A makeup kit.
A makeup kit.
Image: 123rf.com

My first job was selling makeup at the Estée Lauder counter in Edgars. On Saturday mornings, as my fellow res mates slept off alcopop hangovers, I’d catch a taxi down Cape Town’s Main Road to the Link Shopping Centre in Claremont. In Estée Lauder’s regulation navy-blue Jo Borkett uniform and matching Green Cross court shoes (ouch!), I became a different person.

With the awkwardness of a first-year university student vanquished, I fancied myself a sophisticated saleswoman, swaggering around my newly conquered, harshly lit realm of cosmetic counters and tester display stands.
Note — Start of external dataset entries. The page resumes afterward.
(* Let $R\cong\prod_{i=1}^kR/\mathfrak m_i^{t_i}$ be a finite commutative principal ideal ring, where $\mathfrak m_i$ are its maximal ideals with indices of stability $t_i$, and let $\mathbb F_{q_i}$ be the residue field of $R/\mathfrak m_i^{t_i}$. Let $n$ be a positive integer with $\gcd(n,q_i)=1$ for all $i$. If some $t_i$ is odd, then no cyclic code of length $n$ over $R$ is self-dual.
   Context: All rings are finite, commutative, with identity. The index of stability of $\mathfrak m_i$ is the smallest $t\ge1$ with $\mathfrak m_i^t=\mathfrak m_i^{t+1}$; $R/\mathfrak m_i^{t_i}$ is a finite chain ring whose maximal ideal has nilpotency index $t_i$. A code of length $n$ is an $R$-submodule of $R^n$; cyclic means closed under cyclic shift; self-dual means $C=C^\perp$ for $[u,v]=\sum u_jv_j$. *)

theory Defs
  imports "HOL-Algebra.QuotRing" "HOL-Algebra.Ideal_Product"
begin

primrec ideal_pow :: "('a, 'b) ring_scheme \<Rightarrow> 'a set \<Rightarrow> nat \<Rightarrow> 'a set" where
  "ideal_pow R I 0 = carrier R"
| "ideal_pow R I (Suc t) = ideal_prod R I (ideal_pow R I t)"

definition stability_index :: "('a, 'b) ring_scheme \<Rightarrow> 'a set \<Rightarrow> nat" where
  "stability_index R I = (LEAST t. 1 \<le> t \<and> ideal_pow R I t = ideal_pow R I (Suc t))"

definition words :: "('a, 'b) ring_scheme \<Rightarrow> nat \<Rightarrow> (nat \<Rightarrow> 'a) set" where
  "words R n = {v. (\<forall>i<n. v i \<in> carrier R) \<and> (\<forall>i\<ge>n. v i = \<zero>\<^bsub>R\<^esub>)}"

definition word_zero :: "('a, 'b) ring_scheme \<Rightarrow> nat \<Rightarrow> 'a" where
  "word_zero R = (\<lambda>i. \<zero>\<^bsub>R\<^esub>)"

definition word_add :: "('a, 'b) ring_scheme \<Rightarrow> nat \<Rightarrow> (nat \<Rightarrow> 'a) \<Rightarrow> (nat \<Rightarrow> 'a) \<Rightarrow> nat \<Rightarrow> 'a" where
  "word_add R n u v = (\<lambda>i. if i < n then u i \<oplus>\<^bsub>R\<^esub> v i else \<zero>\<^bsub>R\<^esub>)"

definition word_smult :: "('a, 'b) ring_scheme \<Rightarrow> nat \<Rightarrow> 'a \<Rightarrow> (nat \<Rightarrow> 'a) \<Rightarrow> nat \<Rightarrow> 'a" where
  "word_smult R n r v = (\<lambda>i. if i < n then r \<otimes>\<^bsub>R\<^esub> v i else \<zero>\<^bsub>R\<^esub>)"
(* Let $H\ge 2$ and let $\mathcal C=\{\boldsymbol g^1,\dots,\boldsymbol g^K\}\subset\mathcal G$ be a codebook containing the true goal $\boldsymbol g^*=\boldsymbol g^{k^*}$. Let the observed action trajectory $\boldsymbol a_{0:H-1}=\boldsymbol a^j_{0:H-1}$ be generated by agent $j$ under $\boldsymbol g^*$, i.e. there are beliefs $\boldsymbol b^j_0,\dots,\boldsymbol b^j_{H-1}\in\mathbb R^{d_b}$ with $\boldsymbol b^j_{t+1}=\mathcal D^j(\boldsymbol b^j_t,\boldsymbol a_t,\boldsymbol g^* )$ and $\boldsymbol a_{t+1}=\pi^j(\boldsymbol b^j_{t+1},\boldsymbol g^* )$ for $t=0,\dots,H-2$. Assume that $\pi(\cdot,\boldsymbol g)$ is $\xi_\pi$-Lipschitz in $\boldsymbol b$ and $\mathcal D(\cdot,\boldsymbol a,\boldsymbol g)$ is $\xi_{\mathcal D}$-Lipschitz in $\boldsymbol b$. Define for $t=0,\dots,H-2$ the mismatches $\Delta\boldsymbol b^j_t:=\Omega(\boldsymbol a_t,\boldsymbol g^* )-\boldsymbol b^j_t$, $\Delta\mathcal D_t(\boldsymbol b):=\mathcal D(\boldsymbol b,\boldsymbol a_t,\boldsymbol g^* )-\mathcal D^j(\boldsymbol b,\boldsymbol a_t,\boldsymbol g^* )$, $\Delta\pi_{t+1}:=\pi^j(\boldsymbol b^j_{t+1},\boldsymbol g^* )-\pi(\boldsymbol b^j_{t+1},\boldsymbol g^* )$, $\varepsilon_t:=\|\Delta\mathcal D_t(\boldsymbol b^j_t)\|+\xi_{\mathcal D}\|\Delta\boldsymbol b^j_t\|$, and the behavioral-mismatch energy $$\delta_{\mathrm{act}}:=\Big(\sum_{t=0}^{H-2}\big(\|\Delta\pi_{t+1}\|+\xi_\pi\|\varepsilon_t\|\big)^2\Big)^{1/2}.$$ If $\delta_{\mathrm{act}}<\bar\gamma_H(\mathcal C;\boldsymbol g^* )/2$, then the nearest-neighbor estimator $\hat k=\arg\min_k\|\Phi_H(\boldsymbol g^k)\|_2$ returns $\hat{\boldsymbol g}=\boldsymbol g^{\hat k}=\boldsymbol g^*$.
   Context: Actions lie in $\mathbb R^{d_a}$, beliefs in $\mathbb R^{d_b}$, goals in a set $\mathcal G\subseteq\mathbb R^{d_g}$. The (ego) agent has continuously differentiable models: an inverse belief predictor $\Omega:\mathbb R^{d_a}\times\mathcal G\to\mathbb R^{d_b}$, a forward dynamics model $\mathcal D:\mathbb R^{d_b}\times\mathbb R^{d_a}\times\mathcal G\to\mathbb R^{d_b}$, and a policy $\pi:\mathbb R^{d_b}\times\mathcal G\to\mathbb R^{d_a}$. The observed agent $j$ has its own dynamics $\mathcal D^j$ and policy $\pi^j$ of the same types. Given the trajectory $\boldsymbol a_{0:H-1}$ and a candidate goal $\boldsymbol g\in\mathcal G$, set $F_{\boldsymbol g}(\boldsymbol a):=\pi\big(\mathcal D(\Omega(\boldsymbol a,\boldsymbol g),\boldsymbol a,\boldsymbol g),\boldsymbol g\big)$, the one-step residual $\phi_t(\boldsymbol g):=\boldsymbol a_{t+1}-F_{\boldsymbol g}(\boldsymbol a_t)$, the stacked residual $\Phi_H(\boldsymbol g):=[\phi_0(\boldsymbol g);\phi_1(\boldsymbol g);\dots;\phi_{H-2}(\boldsymbol g)]\in\mathbb R^{(H-1)d_a}$, and $d_H(\boldsymbol g):=\|\Phi_H(\boldsymbol g)\|_2$. For a codebook $\mathcal C=\{\boldsymbol g^1,\dots,\boldsymbol g^K\}$ with $\boldsymbol g^*=\boldsymbol g^{k^*}$, the residual margin is $\bar\gamma_H(\mathcal C;\boldsymbol g^* ):=\min_{k\ne k^*}\|\Phi_H(\boldsymbol g^k)-\Phi_H(\boldsymbol g^* )\|_2$. *)

theory Defs
  imports "HOL-Analysis.Analysis"
begin

text \<open>Actions in 'a, beliefs in 'b, goals in 'g (arbitrary Euclidean spaces).
  Omega: inverse belief predictor; Dyn: forward dynamics; Pol: policy.\<close>

definition F_map ::
  "('a::euclidean_space \<Rightarrow> 'g::euclidean_space \<Rightarrow> 'b::euclidean_space)
   \<Rightarrow> ('b \<Rightarrow> 'a \<Rightarrow> 'g \<Rightarrow> 'b) \<Rightarrow> ('b \<Rightarrow> 'g \<Rightarrow> 'a) \<Rightarrow> 'g \<Rightarrow> 'a \<Rightarrow> 'a" where
  "F_map Omega Dyn Pol g a = Pol (Dyn (Omega a g) a g) g"

definition resid ::
  "('a::euclidean_space \<Rightarrow> 'g::euclidean_space \<Rightarrow> 'b::euclidean_space)
   \<Rightarrow> ('b \<Rightarrow> 'a \<Rightarrow> 'g \<Rightarrow> 'b) \<Rightarrow> ('b \<Rightarrow> 'g \<Rightarrow> 'a) \<Rightarrow> (nat \<Rightarrow> 'a) \<Rightarrow> 'g \<Rightarrow> nat \<Rightarrow> 'a" where
  "resid Omega Dyn Pol acts g t = acts (Suc t) - F_map Omega Dyn Pol g (acts t)"

text \<open>Stacked residual Phi_H(g) = [phi_0(g); ...; phi_{H-2}(g)], represented as the
  block-indexed family t \<mapsto> phi_t(g), t < H-1. Its Euclidean 2-norm is the
  L2 norm over the blocks.\<close>
definition stack_norm :: "nat \<Rightarrow> (nat \<Rightarrow> 'a::euclidean_space) \<Rightarrow> real" where
  "stack_norm H v = L2_set (\<lambda>t. norm (v t)) {..<H - 1}"

definition d_H ::
  "nat \<Rightarrow> ('a::euclidean_space \<Rightarrow> 'g::euclidean_space \<Rightarrow> 'b::euclidean_space)
   \<Rightarrow> ('b \<Rightarrow> 'a \<Rightarrow> 'g \<Rightarrow> 'b) \<Rightarrow> ('b \<Rightarrow> 'g \<Rightarrow> 'a) \<Rightarrow> (nat \<Rightarrow> 'a) \<Rightarrow> 'g \<Rightarrow> real" where
  "d_H H Omega Dyn Pol acts g = stack_norm H (resid Omega Dyn Pol acts g)"

text \<open>Residual margin min_{k \<noteq> k*} ||Phi_H(g^k) - Phi_H(g^*)||_2 of the codebook
  {cb 0, ..., cb (K-1)}; as an extended real, equal to +\<infinity> if K = 1.\<close>
definition resid_margin ::
  "nat \<Rightarrow> ('a::euclidean_space \<Rightarrow> 'g::euclidean_space \<Rightarrow> 'b::euclidean_space)
   \<Rightarrow> ('b \<Rightarrow> 'a \<Rightarrow> 'g \<Rightarrow> 'b) \<Rightarrow> ('b \<Rightarrow> 'g \<Rightarrow> 'a) \<Rightarrow> (nat \<Rightarrow> 'a)
   \<Rightarrow> nat \<Rightarrow> (nat \<Rightarrow> 'g) \<Rightarrow> nat \<Rightarrow> ereal" where
  "resid_margin H Omega Dyn Pol acts K cb kstar =
     (INF k \<in> {k. k < K \<and> k \<noteq> kstar}.
        ereal (stack_norm H (\<lambda>t. resid Omega Dyn Pol acts (cb k) t
                               - resid Omega Dyn Pol acts (cb kstar) t)))"

end

theory Submission
  imports Defs
begin

text \<open>At the true goal the residual only measures how far the ego models are from agent
  j's: one step of the observed dynamics differs from the predicted step by the policy
  mismatch plus, through the Lipschitz constants, the dynamics and belief mismatches, so
  that \<open>d_H\<close> at the true goal is at most \<open>\<delta>_act\<close>. By the triangle inequality for the
  stacked norm, every other codeword has residual norm at least
  \<open>\<gamma> - \<delta>_act > \<delta>_act\<close>, so the minimiser is the true goal.\<close>

lemma F_map_deviation_le:
  assumes lip_pi: "xi_pi-lipschitz_on UNIV (\<lambda>b. Pol b g)"
    and lip_D: "xi_D-lipschitz_on UNIV (\<lambda>b. Dyn b a g)"
    and b': "b' = Dj b a g"
  shows "norm (Pj b' g - F_map Omega Dyn Pol g a)
           \<le> norm (Pj b' g - Pol b' g)
             + xi_pi * (norm (Dyn b a g - Dj b a g) + xi_D * norm (Omega a g - b))"
proof -
  let ?c = "Dyn (Omega a g) a g"
  have "norm (Dyn b a g - ?c) \<le> xi_D * norm (Omega a g - b)"
    using lipschitz_on_normD[OF lip_D] by (simp add: norm_minus_commute)
  then have "norm (b' - ?c) \<le> norm (Dyn b a g - Dj b a g) + xi_D * norm (Omega a g - b)"
    unfolding b' by (rule norm_diff_triangle_le[OF eq_refl, OF norm_minus_commute])
  then have "norm (Pol b' g - Pol ?c g)
               \<le> xi_pi * (norm (Dyn b a g - Dj b a g) + xi_D * norm (Omega a g - b))"
    using lipschitz_on_normD[OF lip_pi, of b' ?c] lipschitz_on_nonneg[OF lip_pi]
    by (meson UNIV_I mult_left_mono order_trans)
  then show ?thesis
    unfolding F_map_def by (rule norm_diff_triangle_le[OF order_refl])
qed

lemma stack_norm_diff_le: "stack_norm H (\<lambda>t. u t - v t) \<le> stack_norm H u + stack_norm H v"
proof -
  have "stack_norm H (\<lambda>t. u t - v t) \<le> L2_set (\<lambda>t. norm (u t) + norm (v t)) {..<H - 1}"
    unfolding stack_norm_def by (rule L2_set_mono) (auto intro: norm_triangle_ineq4)
  also have "\<dots> \<le> stack_norm H u + stack_norm H v"
    unfolding stack_norm_def by (rule L2_set_triangle_ineq)
  finally show ?thesis .
qed

lemma resid_margin_le:
  assumes "k < K" "k \<noteq> kstar"
  shows "resid_margin H Omega Dyn Pol acts K cb kstar
           \<le> ereal (stack_norm H (\<lambda>t. resid Omega Dyn Pol acts (cb k) t
                                    - resid Omega Dyn Pol acts (cb kstar) t))"
  unfolding resid_margin_def by (rule INF_lower) (use assms in auto)

lemma is_arg_min_d_H_eq_true_goal:
  assumes kstar: "kstar < K"
    and small: "ereal (d_H H Omega Dyn Pol acts (cb kstar))
                  < resid_margin H Omega Dyn Pol acts K cb kstar / 2"
    and khat: "is_arg_min (\<lambda>k. d_H H Omega Dyn Pol acts (cb k)) (\<lambda>k. k < K) khat"
  shows "khat = kstar"
proof (rule ccontr)
  assume ne: "khat \<noteq> kstar"
  let ?d = "\<lambda>k. d_H H Omega Dyn Pol acts (cb k)"
  define m where "m = stack_norm H (\<lambda>t. resid Omega Dyn Pol acts (cb khat) t
                                       - resid Omega Dyn Pol acts (cb kstar) t)"
  have khat_K: "khat < K" and khat_min: "?d khat \<le> ?d kstar"
    using khat kstar unfolding is_arg_min_def by (meson not_less)+
  have "resid_margin H Omega Dyn Pol acts K cb kstar / 2 \<le> ereal m / 2"
    by (rule ereal_divide_right_mono) (use resid_margin_le[OF khat_K ne] m_def in auto)
  with small have "ereal (?d kstar) < ereal m / 2"
    by (rule order_less_le_trans)
  then have "?d kstar < m / 2"
    by simp
  moreover have "m \<le> ?d khat + ?d kstar"
    unfolding m_def d_H_def by (rule stack_norm_diff_le)
  ultimately show False
    using khat_min by linarith
qed

theorem theorem5p3:
  fixes Omega :: "'a::euclidean_space \<Rightarrow> 'g::euclidean_space \<Rightarrow> 'b::euclidean_space"
    and Dyn :: "'b \<Rightarrow> 'a \<Rightarrow> 'g \<Rightarrow> 'b" and Pol :: "'b \<Rightarrow> 'g \<Rightarrow> 'a"
    and Dj :: "'b \<Rightarrow> 'a \<Rightarrow> 'g \<Rightarrow> 'b" and Pj :: "'b \<Rightarrow> 'g \<Rightarrow> 'a"
    and G :: "'g set" and H K kstar :: nat and cb :: "nat \<Rightarrow> 'g"
    and acts :: "nat \<Rightarrow> 'a" and bj :: "nat \<Rightarrow> 'b"
    and xi_pi xi_D :: real
  assumes H: "H \<ge> 2"
    and cb_G: "\<forall>k<K. cb k \<in> G"
    and cb_inj: "inj_on cb {..<K}"
    and kstar: "kstar < K"
    and gen: "\<forall>t<H - 1. bj (Suc t) = Dj (bj t) (acts t) (cb kstar)
                        \<and> acts (Suc t) = Pj (bj (Suc t)) (cb kstar)"
    and lip_pi: "\<forall>g\<in>G. xi_pi-lipschitz_on UNIV (\<lambda>b. Pol b g)"
    and lip_D: "\<forall>a. \<forall>g\<in>G. xi_D-lipschitz_on UNIV (\<lambda>b. Dyn b a g)"
    and small: "ereal (sqrt (\<Sum>t<H - 1.
                  (norm (Pj (bj (Suc t)) (cb kstar) - Pol (bj (Suc t)) (cb kstar))
                   + xi_pi * \<bar>norm (Dyn (bj t) (acts t) (cb kstar) - Dj (bj t) (acts t) (cb kstar))
                              + xi_D * norm (Omega (acts t) (cb kstar) - bj t)\<bar>)\<^sup>2))
                < resid_margin H Omega Dyn Pol acts K cb kstar / 2"
  shows "\<forall>khat. is_arg_min (\<lambda>k. d_H H Omega Dyn Pol acts (cb k)) (\<lambda>k. k < K) khat
                 \<longrightarrow> cb khat = cb kstar"
proof -
  let ?g = "cb kstar"
  define e where "e t = norm (Pj (bj (Suc t)) ?g - Pol (bj (Suc t)) ?g)
                   + xi_pi * \<bar>norm (Dyn (bj t) (acts t) ?g - Dj (bj t) (acts t) ?g)
                              + xi_D * norm (Omega (acts t) ?g - bj t)\<bar>" for t
  have lip_pi_g: "xi_pi-lipschitz_on UNIV (\<lambda>b. Pol b ?g)"
    using lip_pi cb_G kstar by blast
  have "norm (resid Omega Dyn Pol acts ?g t) \<le> e t" if "t < H - 1" for t
  proof -
    have "norm (resid Omega Dyn Pol acts ?g t)
            \<le> norm (Pj (bj (Suc t)) ?g - Pol (bj (Suc t)) ?g)
              + xi_pi * (norm (Dyn (bj t) (acts t) ?g - Dj (bj t) (acts t) ?g)
                         + xi_D * norm (Omega (acts t) ?g - bj t))"
      unfolding resid_def using gen that cb_G kstar lip_D lip_pi_g
      by (auto intro!: F_map_deviation_le[where Pol = Pol and g = ?g and Dyn = Dyn and a = "acts t"])
    also have "\<dots> \<le> e t"
      unfolding e_def using lipschitz_on_nonneg[OF lip_pi_g] by (simp add: mult_left_mono)
    finally show ?thesis .
  qed
  then have "d_H H Omega Dyn Pol acts ?g \<le> sqrt (\<Sum>t<H - 1. (e t)\<^sup>2)"
    unfolding d_H_def stack_norm_def L2_set_def[symmetric] by (intro L2_set_mono) auto
  with small have "ereal (d_H H Omega Dyn Pol acts ?g)
                     < resid_margin H Omega Dyn Pol acts K cb kstar / 2"
    unfolding e_def by (meson ereal_less_eq(3) order_le_less_trans)
  with kstar show ?thesis
    using is_arg_min_d_H_eq_true_goal by blast
qed

end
In my head, I was swanning about New York’s glamorous Bloomingdale’s department store.

That the good folks of the 1946-founded Estée Lauder saw it in their hearts to hire an 18-year-old speaks volumes of their optimism and faith — particularly in their own products. Today, the global beauty industry generates over US$100 billion a year and The Estée Lauder Companies Inc. (which owns everyone from Clinique to The Ordinary and Jo Malone) ranks third after L’Oréal and Unilever in making that cash. In 2022, its global net sales came to US$17.7 billion. Thanks to the internet and cosmetic innovation, the industry has exploded since I was a shop girl but, even back in 2001, the power of beauty was patently potent.

Back then, every morning before the store opened, I and my perfume-peddling brethren would put on our faces. Kneeling behind the counter we’d pile on base, blush, eyeliner, eyeshadow, mascara, powder, and lipstick and then pop up above the parapet, emerging from a cloud of newly sprayed Pleasures scent, looking like entirely different creatures. This was pre-Kardashian-style heavy face contouring, but there was, and still is, a strong argument to be made about a teenager not needing any makeup at all. Nevertheless, the warpaint worked. Customers would ask what concealer we were wearing or cleanser we used. They’d carefully inspect our visages and then buy the goods. How strange a concept is that?

In the years that I worked on Estée Lauder counters at Edgars, Stuttafords (that dates me), and Foschinis across the country, I came to know the mesmerising clout of the goods we sold and I learnt some perennial lessons. I witnessed many husbands, frenzied on 24 December, with maniacal glints in their eyes. “What’s that you’ve got on your lips?” they’d plead about the sparkly red lipstick I was sporting. “That, I’ll take that that!” they’d then exclaim in harried desperation. Thanks to this festive mania, I can wrap gifts with the speed and style of Usain Bolt.

There were people who’d come up to the counter just to have a smell of one of the brand’s older perfumes. “My late mom would always wear Youth Dew and smelling it makes me think of her getting ready in the morning,” they’d explain before wafting away. Rude customers were met with a refrain of, “Our computers aren’t working, you’ll have to join that long queue over there to pay.” Really, we’d just switched off the point-of-sales computer screen.

Of course, I learnt some hard skills working for the brand — it did intensive makeup and sales training, and so I was wildly popular back at UCT for formal-dance favours. Boy, can I still whip out a smoky eye if need be. My Psychology 101 course is a complete haze but, by comparison, 20 years later I can still recall the excellent humans I worked with in retail and the vastly different backgrounds they came from.

I know that a smile is a great selling tool, and that lore has it that someone was once stabbed in the frenzy of an Edgars Red Hanger Sale. And I still use Estée Lauder Double Wear foundation. Talk about staying power.

• From the August edition of Wanted, 2023.